Collected data:
lemma path_map3_lift:
  assumes A: "A \<in> path_cells2 G" and B: "B \<in> path_cells2 G"
    and par: "p2s A = p2s B" "p2t A = p2t B"
    and D: "(path_map2 F A, path_map2 F B, D1, D2) \<in> path_cells3 H"
  obtains C1 C2 where "(A, B, C1, C2) \<in> path_cells3 G" "map3 F C1 = D1" "map3 F C2 = D2"
proof -
  obtain C1 where C1: "C1 \<in> Cell3 G" "src3 G C1 = p2l A" "tgt3 G C1 = p2l B" "map3 F C1 = D1"
    by (rule map3_lift[of "p2l A" "p2l B" D1])
      (use A B par D in \<open>auto simp: path_cells2_iff path_cells3_iff\<close>)
  obtain C2 where C2: "C2 \<in> Cell3 G" "src3 G C2 = p2r A" "tgt3 G C2 = p2r B" "map3 F C2 = D2"
    by (rule map3_lift[of "p2r A" "p2r B" D2])
      (use A B par D in \<open>auto simp: path_cells2_iff path_cells3_iff\<close>)
  note sides = G.path3_sides_parallel[OF A B par C1(1-3) C2(1-3)]
  have "map3 F (path3_lhs G A B C1) = map3 F (path3_rhs G A C2)"
    using D C1 C2 map3_path3_sides[OF A B par C1(1-3) C2(1-3)] by (simp add: path_cells3_iff)
  then have "path3_lhs G A B C1 = path3_rhs G A C2"
    using sides by (rule map3_inj_parallel[rotated 4])
  then have "(A, B, C1, C2) \<in> path_cells3 G"
    using A B par C1 C2 by (simp add: path_cells3_iff)
  then show ?thesis
    using that C1 C2 by blast
qed

lemma path_map2_bij:
  assumes g: "g \<in> path_cells1 G" and h: "h \<in> path_cells1 G" and par: "p1s g = p1s h" "p1t g = p1t h"
  shows "bij_betw (path_map2 F) {A \<in> path_cells2 G. p2s A = g \<and> p2t A = h}
           {B \<in> path_cells2 H. p2s B = path_map1 F g \<and> p2t B = path_map1 F h}"
proof (rule bij_betwI')
  fix A A' assume "A \<in> {A \<in> path_cells2 G. p2s A = g \<and> p2t A = h}"
    and "A' \<in> {A \<in> path_cells2 G. p2s A = g \<and> p2t A = h}"
  then show "(path_map2 F A = path_map2 F A') = (A = A')"
    using path_map2_inj_parallel[of A A'] by fastforce
next
  fix A assume "A \<in> {A \<in> path_cells2 G. p2s A = g \<and> p2t A = h}"
  then show "path_map2 F A \<in> {B \<in> path_cells2 H. p2s B = path_map1 F g \<and> p2t B = path_map1 F h}"
    using path_map2_cell by simp
next
  fix B assume "B \<in> {B \<in> path_cells2 H. p2s B = path_map1 F g \<and> p2t B = path_map1 F h}"
  then have B: "B \<in> path_cells2 H" "p2s B = path_map1 F g" "p2t B = path_map1 F h"
    by simp_all
  obtain A where "A \<in> path_cells2 G" "p2s A = g" "p2t A = h" "path_map2 F A = B"
    using g h par B by (rule path_map2_lift)
  then show "\<exists>A \<in> {A \<in> path_cells2 G. p2s A = g \<and> p2t A = h}. B = path_map2 F A"
    by blast
qed

lemma path_map3_bij:
  assumes A: "A \<in> path_cells2 G" and B: "B \<in> path_cells2 G"
    and par: "p2s A = p2s B" "p2t A = p2t B"
  shows "bij_betw (path_map3 F) {X \<in> path_cells3 G. p3s X = A \<and> p3t X = B}
           {Y \<in> path_cells3 H. p3s Y = path_map2 F A \<and> p3t Y = path_map2 F B}"
proof (rule bij_betwI')
  fix X X' assume "X \<in> {X \<in> path_cells3 G. p3s X = A \<and> p3t X = B}"
    and "X' \<in> {X \<in> path_cells3 G. p3s X = A \<and> p3t X = B}"
  then obtain C1 C2 C1' C2' where X: "X = (A, B, C1, C2)" "(A, B, C1, C2) \<in> path_cells3 G"
    and X': "X' = (A, B, C1', C2')" "(A, B, C1', C2') \<in> path_cells3 G"
    by (cases X, cases X') auto
  show "(path_map3 F X = path_map3 F X') = (X = X')"
  proof
    assume "path_map3 F X = path_map3 F X'"
    then have "map3 F C1 = map3 F C1'" "map3 F C2 = map3 F C2'"
      using X(1) X'(1) by simp_all
    then have "C1 = C1'" "C2 = C2'"
      using map3_inj_parallel[of C1 C1'] map3_inj_parallel[of C2 C2'] X(2) X'(2)
      by (simp_all add: path_cells3_iff)
    then show "X = X'"
      using X(1) X'(1) by simp
  qed simp
next
  fix X assume "X \<in> {X \<in> path_cells3 G. p3s X = A \<and> p3t X = B}"
  then show "path_map3 F X \<in> {Y \<in> path_cells3 H. p3s Y = path_map2 F A \<and> p3t Y = path_map2 F B}"
    by (cases X) (auto dest: path_map3_cell)
next
  fix Y assume "Y \<in> {Y \<in> path_cells3 H. p3s Y = path_map2 F A \<and> p3t Y = path_map2 F B}"
  then obtain D1 D2 where Y: "Y = (path_map2 F A, path_map2 F B, D1, D2)"
      "(path_map2 F A, path_map2 F B, D1, D2) \<in> path_cells3 H"
    by (cases Y) auto
  obtain C1 C2 where "(A, B, C1, C2) \<in> path_cells3 G" "map3 F C1 = D1" "map3 F C2 = D2"
    using A B par Y(2) by (rule path_map3_lift)
  then show "\<exists>X \<in> {X \<in> path_cells3 G. p3s X = A \<and> p3t X = B}. Y = path_map3 F X"
    using Y(1) by (intro bexI[of _ "(A, B, C1, C2)"]) simp_all
qed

■ Task prompt
All lines from the one with "using map3_inj_parallel[of C1" to the end of the records must be set down exactly. Skip every line before it.

■ Solution
      using map3_inj_parallel[of C1 C1'] map3_inj_parallel[of C2 C2'] X(2) X'(2)
      by (simp_all add: path_cells3_iff)
    then show "X = X'"
      using X(1) X'(1) by simp
  qed simp
next
  fix X assume "X \<in> {X \<in> path_cells3 G. p3s X = A \<and> p3t X = B}"
  then show "path_map3 F X \<in> {Y \<in> path_cells3 H. p3s Y = path_map2 F A \<and> p3t Y = path_map2 F B}"
    by (cases X) (auto dest: path_map3_cell)
next
  fix Y assume "Y \<in> {Y \<in> path_cells3 H. p3s Y = path_map2 F A \<and> p3t Y = path_map2 F B}"
  then obtain D1 D2 where Y: "Y = (path_map2 F A, path_map2 F B, D1, D2)"
      "(path_map2 F A, path_map2 F B, D1, D2) \<in> path_cells3 H"
    by (cases Y) auto
  obtain C1 C2 where "(A, B, C1, C2) \<in> path_cells3 G" "map3 F C1 = D1" "map3 F C2 = D2"
    using A B par Y(2) by (rule path_map3_lift)
  then show "\<exists>X \<in> {X \<in> path_cells3 G. p3s X = A \<and> p3t X = B}. Y = path_map3 F X"
    using Y(1) by (intro bexI[of _ "(A, B, C1, C2)"]) simp_all
qed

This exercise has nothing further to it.